Get yourself a good caulk gun - one with the wire poker. Keep a couple of tubes of Dicor sealant. Every once in awhile a tree limb will bump something on the roof, or a seam will begin to open up and Dicor is the ticket for EPDM RV roofs. Do not use silicone as it does not work.

When you store your hoses - water and sewer - hook the ends together so they won't leak. We use one of the blue inline charcoal filters and a pressure regulator. I also use a hose splitter and a 90 degree adapter at the hose bib in case I need to use the other hose for something. I have a wheel lock that goes between the tires. When you are hooking up and the jacks are down, you do not want the trailer moving as you can damage them. some people use the slide-out supports and 5th wheel jacks. Pieces of construction lumber 2x10 - 2x12 are good for jack supports, levelling and wheel chocks. Keep a small box of electrical terminal ends and a terminal tool. Keep a jug of ant killer to spray before you put the jacks down. A 30Amp to 50 Amp or vise versa crossover and a 30 or 50 Amp to 110 volt adapter. Good pair of channel locks. Gloves. I leave an EZ-Up in the camper with bungee cords and big nails to secure. The awning will need 2 ea. deflappers and I use those screw in dog tethers to secure the two ends. Never leave an awning open when you are not there. A sudden storm can kill it in a heartbeat. Also a length of tv cable for the park if they have an antenna or satellite. a lot of folks use the portable black water potty dump containers - with/without wheels. Depends on the number of folks and the length of stay. If the black water fills up it is either one of those or pick up and go to the dump. PITA.

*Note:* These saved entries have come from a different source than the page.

(*
  The integrals tanh_int k alpha s = \<integral> r tanh(\<pi> r) K_alpha(r + s) dr are estimated by moving
  the line of integration off the real axis.  Writing F for the entire extension of k, the
  integrand is a sum of two terms z tanh(\<pi> z) F(z + s) e^{\<plusminus>i\<alpha>z} (times unimodular constants).
  The function z tanh(\<pi> z) is holomorphic in the strip |Im z| < 1/2, and F decays like
  (1 + |Re z|)^-3 in horizontal strips, so by Cauchy's theorem the integral over \<real> equals the
  integral over \<real> + i y for any |y| < 1/2.  Choosing the sign of y according to the sign of
  \<alpha>, the factor e^{i\<alpha>z} becomes e^{-|\<alpha>| |y|}, and the remaining integral is O(1 + |s|).
*)

section \<open>The Cauchy density and truncated integrals\<close>

lemma cauchy_density:
  shows "integrable lborel (\<lambda>x::real. 1 / (1 + x^2))"
    and "(LINT x|lborel. 1 / (1 + x^2 :: real)) = pi"
proof -
  have deriv: "\<And>x. DERIV arctan x :> 1 / (1 + x^2)"
    by (rule DERIV_arctan[THEN DERIV_cong]) (simp add: field_simps)
  have cont: "\<And>x::real. isCont (\<lambda>x. 1 / (1 + x^2)) x"
    by (intro continuous_intros) (simp add: add_pos_nonneg[THEN less_imp_neq[symmetric]])
  have lim_bot: "((arctan \<circ> real_of_ereal) \<longlongrightarrow> - (pi/2)) (at_right (-\<infinity>))"
    by (simp add: ereal_tendsto_simps tendsto_arctan_at_bot)
  have lim_top: "((arctan \<circ> real_of_ereal) \<longlongrightarrow> pi/2) (at_left \<infinity>)"
    by (simp add: ereal_tendsto_simps tendsto_arctan_at_top)
  have "set_integrable lborel (einterval (-\<infinity>) \<infinity>) (\<lambda>x::real. 1 / (1 + x^2))"
       "(LBINT x=-\<infinity>..\<infinity>. 1 / (1 + x^2 :: real)) = pi/2 - (- (pi/2))"
    using interval_integral_FTC_nonneg[where F = arctan and a = "-\<infinity>" and b = \<infinity>
        and f = "\<lambda>x::real. 1 / (1 + x^2)" and A = "- (pi/2)" and B = "pi/2"]
      deriv cont lim_bot lim_top by auto
  then show "integrable lborel (\<lambda>x::real. 1 / (1 + x^2))"
    and "(LINT x|lborel. 1 / (1 + x^2 :: real)) = pi"
    by (simp_all add: set_integrable_def einterval_eq_UNIV interval_lebesgue_integral_def
        set_lebesgue_integral_def)
qed

lemma cauchy_density_shift:
  shows "integrable lborel (\<lambda>x::real. 1 / (1 + (x + s)^2))"
    and "(LINT x|lborel. 1 / (1 + (x + s)^2 :: real)) = pi"
proof -
  have eq: "(\<lambda>x::real. 1 / (1 + (x + s)^2)) = (\<lambda>x. (\<lambda>u. 1 / (1 + u^2)) (s + 1 * x))"
    by (simp add: add.commute)
  show "integrable lborel (\<lambda>x::real. 1 / (1 + (x + s)^2))"
    unfolding eq by (rule lborel_integrable_real_affine[OF cauchy_density(1)]) simp
  show "(LINT x|lborel. 1 / (1 + (x + s)^2 :: real)) = pi"
    unfolding eq using lborel_integral_real_affine[of 1 "\<lambda>u::real. 1 / (1 + u^2)" s]
      cauchy_density(2) by simp
qed
lemma vertex_not_in_face_interior:
  assumes "planar3tree u v z V E F" "face_embedding V E F f" "S \<in> F" "w \<in> V"
  shows "f w \<notin> face_interior f S"
proof -
  obtain S' where S': "S' \<in> F" "w \<in> S'" using planar3tree_vertex_on_face[OF assms(1,4)] .
  obtain w' t where "S' = {w, w', t}" "distinct [w, w', t]"
    using card_3_obtain_rest[OF planar3tree_face(2)[OF assms(1) S'(1)] S'(2)] .
  then have "{w, w'} \<in> E" using planar3tree_face(3)[OF assms(1) S'(1)] by auto
  moreover have "f w \<in> convex hull (f ` {w, w'})" by (simp add: hull_inc)
  ultimately show ?thesis using face_embedding_face_edge[OF assms(2,3)] by blast
qed

lemma face_embedding_triangle:
  assumes d: "distinct [u, v, z]" and nondeg: "orient (f u) (f v) (f z) \<noteq> 0"
  shows "face_embedding {u, v, z} {{u, v}, {v, z}, {u, z}} {{u, v, z}} f"
proof -
  have hull: "\<And>a b. convex hull (f ` {a, b}) = closed_segment (f a) (f b)"
    by (simp add: segment_convex_hull)
  have nondeg': "orient (f v) (f u) (f z) \<noteq> 0" "orient (f v) (f z) (f u) \<noteq> 0"
    "orient (f u) (f z) (f v) \<noteq> 0"
    using orient_nonzero_permute[OF nondeg] by auto
  have E1: "closed_segment (f u) (f v) \<inter> closed_segment (f v) (f z) \<subseteq> f ` ({u, v} \<inter> {v, z})"
    using sides_meet_at_vertex[OF nondeg] d by auto
  have E2: "closed_segment (f u) (f v) \<inter> closed_segment (f u) (f z) \<subseteq> f ` ({u, v} \<inter> {u, z})"
    using sides_meet_at_vertex[OF nondeg'(1)] d by (auto simp: closed_segment_commute)
  have E3: "closed_segment (f v) (f z) \<inter> closed_segment (f u) (f z) \<subseteq> f ` ({v, z} \<inter> {u, z})"
    using sides_meet_at_vertex[OF nondeg'(2)] d by (auto simp: closed_segment_commute)
  have swap: "A \<inter> B \<subseteq> f ` (s \<inter> t) \<Longrightarrow> B \<inter> A \<subseteq> f ` (t \<inter> s)" for A B s t
    by (metis Int_commute)
  have T: "face_interior f {u, v, z} = open_triangle (f u) (f v) (f z)"
    using face_interior_triangle[OF d] .
  have F1: "open_triangle (f u) (f v) (f z) \<inter> closed_segment (f u) (f v) = {}"
    using open_triangle_disjoint_side[OF nondeg] by blast
  have F2: "open_triangle (f u) (f v) (f z) \<inter> closed_segment (f v) (f z) = {}"
    using open_triangle_disjoint_side[OF nondeg'(2)] open_triangle_rotate[where A="f u" and B="f v" and C="f z"] by blast
  have F3: "open_triangle (f u) (f v) (f z) \<inter> closed_segment (f u) (f z) = {}"
    using open_triangle_disjoint_side[OF nondeg'(3)] open_triangle_swap23[where A="f u" and B="f v" and C="f z"] by blast
  show ?thesis unfolding face_embedding_def straight_line_embedding_def
  proof (intro conjI ballI impI)
    show "inj_on f {u, v, z}" using orient_nonzero_distinct[OF nondeg] by auto
  next
    fix e e' assume ee: "e \<in> {{u, v}, {v, z}, {u, z}}" "e' \<in> {{u, v}, {v, z}, {u, z}}" "e \<noteq> e'"
    from ee(1) consider "e = {u, v}" | "e = {v, z}" | "e = {u, z}" by blast
    then show "convex hull f ` e \<inter> convex hull f ` e' \<subseteq> f ` (e \<inter> e')"
    proof cases
      case 1
      from ee(2) consider "e' = {u, v}" | "e' = {v, z}" | "e' = {u, z}" by blast
      then show ?thesis
      proof cases
        case 1 then show ?thesis using ee(3) \<open>e = {u, v}\<close> by simp
      next
        case 2 then show ?thesis using \<open>e = {u, v}\<close> by (simp only: hull) (rule E1)
      next
        case 3 then show ?thesis using \<open>e = {u, v}\<close> by (simp only: hull) (rule E2)
      qed
    next
      case 2
      from ee(2) consider "e' = {u, v}" | "e' = {v, z}" | "e' = {u, z}" by blast
      then show ?thesis
      proof cases
        case 1 then show ?thesis using \<open>e = {v, z}\<close> by (simp only: hull) (rule swap[OF E1])
      next
        case 2 then show ?thesis using ee(3) \<open>e = {v, z}\<close> by simp
      next
        case 3 then show ?thesis using \<open>e = {v, z}\<close> by (simp only: hull) (rule E3)
      qed
    next
      case 3
      from ee(2) consider "e' = {u, v}" | "e' = {v, z}" | "e' = {u, z}" by blast
      then show ?thesis
      proof cases
        case 1 then show ?thesis using \<open>e = {u, z}\<close> by (simp only: hull) (rule swap[OF E2])
      next
        case 2 then show ?thesis using \<open>e = {u, z}\<close> by (simp only: hull) (rule swap[OF E3])
      next
        case 3 then show ?thesis using ee(3) \<open>e = {u, z}\<close> by simp
      qed
    qed
  next
    fix S e assume "S \<in> {{u, v, z}}" "e \<in> {{u, v}, {v, z}, {u, z}}"
    then show "face_interior f S \<inter> convex hull f ` e = {}" using T F1 F2 F3 hull by auto
  next
    fix S S' assume "S \<in> {{u, v, z}}" "S' \<in> {{u, v, z}}" "S \<noteq> S'"
    then show "face_interior f S \<inter> face_interior f S' = {}" by simp
  qed
qed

I also figured out which replacement roof vent I need and keep a spare in the trailer. A big fan comes in handy. A long charcoal lighter is a must. Try poopourri - it works! Added a towel rod and some hanger accessories in the bathroom.

Don't forget that #2 square driver bit - almost everything on an RV is held together with them.

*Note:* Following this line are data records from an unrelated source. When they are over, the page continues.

(* Let $X$ be an $n\times p$ real matrix ($n \ge p$) whose columns have $\ell_2$-norm $1$, such that $X^T X$ is invertible, and let $Y\in\mathbb{R}^n$. Let $M=(X^TX)^{-1}$ and suppose that $M$ is strictly diagonally dominant: $$M_{jj} > \sum_{i\neq j} |M_{ij}| \quad \text{for all } j=1,\dots,p.$$ For $\lambda>0$, the Lasso solution is the minimizer of $$\min_{\beta\in\mathbb{R}^p} \tfrac12 \|Y-X\beta\|_2^2 + \lambda\|\beta\|_1,$$ and the Dantzig solution is the minimizer of $$\min_{\beta\in\mathbb{R}^p} \|\beta\|_1 \quad\text{subject to}\quad \|X^T(Y-X\beta)\|_\infty \le \lambda.$$ Then for every $\lambda>0$ the Lasso solution and the Dantzig solution are identical, i.e., the Lasso and Dantzig regularization paths $\lambda\mapsto\hat\beta_\lambda$ coincide.
   Context: $\|\cdot\|_1$, $\|\cdot\|_2$, $\|\cdot\|_\infty$ denote the usual $\ell_1$, $\ell_2$, $\ell_\infty$ norms on Euclidean space. The normalization of the columns of $X$ to unit $\ell_2$-norm is a standing assumption of the paper. *)

theory Defs
  imports "HOL-Analysis.Analysis"
begin

definition l1norm :: "real ^ 'n \<Rightarrow> real" where
  "l1norm v = (\<Sum>i\<in>UNIV. \<bar>v $ i\<bar>)"

definition linfnorm :: "real ^ 'n \<Rightarrow> real" where
  "linfnorm v = Max (range (\<lambda>i. \<bar>v $ i\<bar>))"

definition lasso_obj :: "real ^ 'p ^ 'n \<Rightarrow> real ^ 'n \<Rightarrow> real \<Rightarrow> real ^ 'p \<Rightarrow> real" where
  "lasso_obj X Y lam b = (1/2) * (norm (Y - X *v b))\<^sup>2 + lam * l1norm b"

definition is_lasso_solution :: "real ^ 'p ^ 'n \<Rightarrow> real ^ 'n \<Rightarrow> real \<Rightarrow> real ^ 'p \<Rightarrow> bool" where
  "is_lasso_solution X Y lam b \<longleftrightarrow> (\<forall>b'. lasso_obj X Y lam b \<le> lasso_obj X Y lam b')"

After leaving my TV antenna up a couple of times I got one of these - and it works like a champ!!! DUH!

SG2


----------



## Hookem-Guy81

X2 on everything Smoking Gun said. For the EPDM Rubber RV roofs, you will need to clean and condition every 6 months. Get the Dicor Rubber Roof Cleaner spray bottle and the refill bottle. You will use a lot when cleaning. Also get the Dicor UV-Protectant to apply after cleaning. Mine roof is two years old and is as white as the day it was put on. Get a long handle soft brush to clean. I use a 12 foot A frame ladder (done on level concrete by the way-way safer) and just move around the rig. Don't do this on a windy day because you don't want the chemicals all over you. Man you are getting a lot of good advice from others on here. You are gonna be a Rubber Tramp before you know it.


----------